BERT Multilabel - Different Training Dataset For Each Label?

Hi everyone,

I have successfully built a multi label classifier (10 labels, somewhat balanced) on sentence level with my own subclass of transformers library BertForSequenceClassification.

The classification performance is okay-ish. When I was first testing BERT on a binary classification task for a single label in my dataset it was very benefitial towards performance to include adversarial sentences that did not hold the same label. Thus, I tried the same approach in this multi label setup by adding more 0 labeled sentences to the dataset. But this worsened the performance.

My question would be if it is possible to have different training/evaluation datasets for each label in a Multilabel classification setup?

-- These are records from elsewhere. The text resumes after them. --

text \<open>Minimality of the resolution: no smooth rational (-1)-curve.\<close>
definition minimal_res :: "('e \<Rightarrow> 'e \<Rightarrow> int) \<Rightarrow> ('e \<Rightarrow> int) \<Rightarrow> bool" where
  "minimal_res M g \<longleftrightarrow> (\<forall>i. \<not> (g i = 0 \<and> M i i = -1))"

definition fundamental_cycle :: "('e::finite \<Rightarrow> 'e \<Rightarrow> int) \<Rightarrow> ('e \<Rightarrow> int) \<Rightarrow> bool" where
  "fundamental_cycle M Z \<longleftrightarrow>
     (\<forall>i. Z i > 0) \<and> (\<forall>i. inter M Z (comp i) \<le> 0) \<and>
     (\<forall>D. (\<forall>i. D i > 0) \<and> (\<forall>i. inter M D (comp i) \<le> 0) \<longrightarrow> (\<forall>i. Z i \<le> D i))"

definition minus2 :: "('e \<Rightarrow> 'e \<Rightarrow> int) \<Rightarrow> ('e \<Rightarrow> int) \<Rightarrow> 'e \<Rightarrow> bool" where
  "minus2 M g i \<longleftrightarrow> g i = 0 \<and> M i i = -2"

definition ess_irreducible :: "('e \<Rightarrow> 'e \<Rightarrow> int) \<Rightarrow> ('e \<Rightarrow> int) \<Rightarrow> ('e \<Rightarrow> int) \<Rightarrow> bool" where
  "ess_irreducible M g Z \<longleftrightarrow>
     (\<exists>A. Z A > 0 \<and> \<not> minus2 M g A \<and>
        (let R = (\<lambda>j. Z j - Z A * comp A j) in
          R = (\<lambda>_. 0) \<or> (\<forall>j. R j > 0 \<longrightarrow> minus2 M g j)))"
lemma trace_bound_of_low_rank_graph_shift:
  fixes R :: "nat \<Rightarrow> nat \<Rightarrow> bool" and f c :: "nat \<Rightarrow> nat \<Rightarrow> real" and e :: "nat \<Rightarrow> real"
  assumes factor: "\<And>i j. i < n \<Longrightarrow> j < n \<Longrightarrow>
      (\<Sum>l<m. f l i * c l j) = (if i = j then k else if R i j then 1 else 0)"
    and ones: "\<And>i. i < n \<Longrightarrow> (\<Sum>l<m. f l i * e l) = 1"
  shows "(real n * (k - 1/2))\<^sup>2 \<le> real m * (real n * ((k - 1/2)\<^sup>2 + (real n - 1) / 4))"
proof -
  define h where "h l j = c l j - e l / 2" for l j
  have entry: "(\<Sum>l<m. f l i * h l j) = (if i = j then k else if R i j then 1 else 0) - 1/2"
    if "i < n" "j < n" for i j
  proof -
    have "(\<Sum>l<m. f l i * h l j) = (\<Sum>l<m. f l i * c l j) - (\<Sum>l<m. f l i * e l) / 2"
      by (simp add: h_def right_diff_distrib sum_subtractf sum_divide_distrib)
    thus ?thesis using that by (simp add: factor ones)
  qed
  have "(\<Sum>i<n. \<Sum>j<n. (\<Sum>l<m. f l i * h l j)\<^sup>2) = (\<Sum>i<n. \<Sum>j<n. if i = j then (k - 1/2)\<^sup>2 else 1/4)"
    by (intro sum.cong refl) (auto simp: entry power2_eq_square)
  also have "\<dots> = (\<Sum>i<n. \<Sum>j<n. 1/4 + (if i = j then (k - 1/2)\<^sup>2 - 1/4 else 0))"
    by (intro sum.cong) auto
  also have "\<dots> = (\<Sum>i<n. real n / 4 + ((k - 1/2)\<^sup>2 - 1/4))"
    by (intro sum.cong refl) (simp add: sum.distrib)
  also have "\<dots> = real n * ((k - 1/2)\<^sup>2 + (real n - 1) / 4)"
    by (simp add: field_simps)
  finally show ?thesis
    using trace_square_le_rank_mult_frobenius[where n = n and m = m and f = f and h = h]
    by (simp add: entry)
qed
lemma graph_iso_two_paths_in_squares:
  assumes "graph_iso V1 E1 V2 E2" and squares: "two_paths_in_squares V2 E2"
  shows "two_paths_in_squares V1 E1"
proof -
  obtain f where f: "bij_betw f V1 V2"
    and edges: "\<forall>x\<in>V1. \<forall>y\<in>V1. {x, y} \<in> E1 \<longleftrightarrow> {f x, f y} \<in> E2"
    using assms(1) unfolding graph_iso_def by blast
  show ?thesis unfolding two_paths_in_squares_def
  proof (intro ballI impI)
    fix u v w
    assume V: "u \<in> V1" "v \<in> V1" "w \<in> V1" and "{u, v} \<in> E1" "{v, w} \<in> E1" "u \<noteq> w"
    then have "f u \<noteq> f w" "{f u, f v} \<in> E2" "{f v, f w} \<in> E2"
      using f edges by (auto simp: bij_betw_def inj_on_def)
    moreover have fV: "f ` V1 = V2" using f by (simp add: bij_betw_def)
    ultimately obtain v2 where "v2 \<in> V2" "v2 \<noteq> f v" "{f u, v2} \<in> E2" "{v2, f w} \<in> E2"
      using squares V unfolding two_paths_in_squares_def by blast
    moreover obtain v' where "v' \<in> V1" "v2 = f v'" using \<open>v2 \<in> V2\<close> fV by blast
    ultimately show "\<exists>v'\<in>V1. v' \<noteq> v \<and> {u, v'} \<in> E1 \<and> {v', w} \<in> E1"
      using edges V by (intro bexI[of _ v']) auto
  qed
qed

context
  fixes n :: nat and M :: "bool list set set"
  assumes n: "n \<ge> 4"
    and matching: "perfect_matching (cube_verts n) (FQ_edges n) M"
    and squares: "two_paths_in_squares (cube_verts n) (FQ_edges n - M)"
begin
(* For every environment $\Gamma=(c,\mu)$ (as described in the context), $$\mathbf{\Pi}(\Gamma)=\left\{(\pi_b,\pi_s)\in\mathbb{R}^2:\ \pi_b\ge 0,\ \ \pi_s\ge \underline{\pi}_s(\Gamma),\ \ \pi_b+\pi_s\le S(\Gamma)\right\}.$$
   Context: Environment: $V\subset\mathbb{R}$ is compact with $\underline v=\min V<\max V=\overline v$; $\mu$ is a probability measure on $\mathbb{R}$ with support $V$; $c:V\to\mathbb{R}$ is continuous with $v-c(v)\ge 0$ for all $v\in V$ and $\mathbb{E}_\mu[v-c(v)]>0$. Write $\Gamma=(c,\mu)$; all expectations are under $\mu$. Let $S(\Gamma)=\mathbb{E}[v-c(v)]$ and $\underline{\pi}_s(\Gamma)=\max\{\underline v-\mathbb{E}[c(v)],0\}$. An information structure $\tau$ consists of complete separable metric spaces $T_s,T_b$ (with Borel $\sigma$-algebras) and a probability distribution $P$ on $T_s\times T_b\times V$ whose marginal on $V$ is $\mu$. Game $(\Gamma,\tau)$: $(t_s,t_b,v)\sim P$ is drawn; Seller privately observes $t_s$ and posts a price $p\in\mathbb{R}$; Buyer privately observes $t_b$, sees $p$, and accepts or rejects. If Buyer accepts, payoffs are $v-p$ (Buyer) and $p-c(v)$ (Seller); otherwise both get $0$. Seller's strategy is a distributional strategy $\sigma$: a joint distribution on $\mathbb{R}\times T_s$ whose $T_s$-marginal equals the marginal of $P$ on $T_s$, with conditional $\sigma(\cdot|t_s)$. Buyer's strategy is a measurable $\alpha:\mathbb{R}\times T_b\to[0,1]$ (probability of accepting). Buyer's beliefs are $\nu(\cdot|p,t_b)\in\Delta(V)$. Ex ante payoffs are $\pi_b=\int (v-p)\alpha(p,t_b)\sigma(dp|t_s)P(dt_s,dt_b,dv)$ and $\pi_s=\int (p-c(v))\alpha(p,t_b)\sigma(dp|t_s)P(dt_s,dt_b,dv)$. A weak perfect Bayesian equilibrium (wPBE) is $(\sigma,\alpha,\nu)$ such that: (1) for every $(p,t_b)$, $\alpha(p,t_b)=1$ if $\mathbb{E}_{\nu(\cdot|p,t_b)}[v]>p$ and $\alpha(p,t_b)=0$ if $\mathbb{E}_{\nu(\cdot|p,t_b)}[v]<p$; (2) $\sigma$ maximizes Seller's ex ante payoff given $\alpha$ over all distributional strategies; (3) for every measurable $D\subseteq\mathbb{R}\times T_s\times T_b\times V$, $\int_D\nu(dv|p,t_b)\sigma(dp|t_s)P(dt_s,dt_b,V)=\int_D\sigma(dp|t_s)P(dt_s,dt_b,dv)$. $\Pi(\Gamma,\tau)$ is the set of payoff pairs $(\pi_b,\pi_s)$ of wPBE of $(\Gamma,\tau)$, and $\mathbf{\Pi}(\Gamma)=\bigcup_\tau\Pi(\Gamma,\tau)$ over all information structures. *)

theory Defs
  imports "HOL-Probability.Probability"
begin

definition support_of :: "real measure \<Rightarrow> real set" where
  "support_of \<mu> = {x. \<forall>U. open U \<and> x \<in> U \<longrightarrow> emeasure \<mu> U > 0}"

text \<open>The cost function is only given on V; outside V it is set to 0 (irrelevant,
since all relevant distributions are concentrated on V).\<close>
definition costV :: "real set \<Rightarrow> (real \<Rightarrow> real) \<Rightarrow> real \<Rightarrow> real" where
  "costV V c v = (if v \<in> V then c v else 0)"
(* In the directed variant of the greedy routing network creation game on any finite point set in any metric space, there is no best response cycle.
   Context: Let $\mathcal P$ be a finite set of $n\ge2$ points (agents) in a metric space with metric $d$. In the directed variant each agent $u$ chooses a strategy $S_u\subseteq\{(u,v):v\in\mathcal P\setminus\{u\}\}$ of directed edges, which it owns. A profile $\mathbf s=(S_u)_u$ induces the directed network $G(\mathbf s)=(\mathcal P,\bigcup_u S_u)$. A greedy routing path from $u$ to $w$ is a directed path $(x_1=u,\dots,x_j=w)$ in $G(\mathbf s)$ with $d(x_i,w)>d(x_{i+1},w)$ for all $i$; $u$ is greedy connected if it has a greedy routing path to every other agent. The cost of $u$ is $c_u(\mathbf s)=|S_u|$ if $u$ is greedy connected and $\infty$ otherwise. A best response of $u$ in $\mathbf s$ is a strategy minimizing $c_u(S'_u,\mathbf s_{-u})$ over all strategies $S'_u$. A best response path is a sequence of profiles $\mathbf s_0,\dots,\mathbf s_k$ where each $\mathbf s_i$ arises from $\mathbf s_{i-1}$ by one agent switching (from a non-best-response strategy) to a best response; a best response cycle is a best response path with $k\ge1$ and $\mathbf s_0=\mathbf s_k$. *)

theory Defs
  imports Main "HOL-Library.Extended_Nat"
begin

definition is_metric_on :: "'a set \<Rightarrow> ('a \<Rightarrow> 'a \<Rightarrow> real) \<Rightarrow> bool" where
  "is_metric_on P d \<longleftrightarrow>
     (\<forall>x\<in>P. \<forall>y\<in>P. d x y \<ge> 0 \<and> (d x y = 0 \<longleftrightarrow> x = y) \<and> d x y = d y x) \<and>
     (\<forall>x\<in>P. \<forall>y\<in>P. \<forall>z\<in>P. d x z \<le> d x y + d y z)"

Some more background on the dataset and labels:
The labels of a sentence are indicated by a vector, e.g. (0, 0, 0, 1). It’s also possible that no label is present, i.e. the corresponding vector is (0, 0, 0, 0).
In total there are 10 labels.

Thank you!

Just out of curiosity, what does it mean to have “different dataset(s) for each label”?

Right now my model uses a single dataset for training and validation.

This is problematic for the model to learn representations of each label because of the nature of the data for some reasons:

  • Multi labels are somewhat rare ~ 5 %
  • Sentences with different labels are mostly very different

I think the performance of the model would be a lot better when the model uses label specific training and validation data to include more difficult cases for each label.

Thus, I am asking whether this is possible with transformers library or it is not benefitial at all towards performance.

I’m also working on a multilabel classifier right now with BERT and have the same question. Have you found anything helpful since you posted this comment?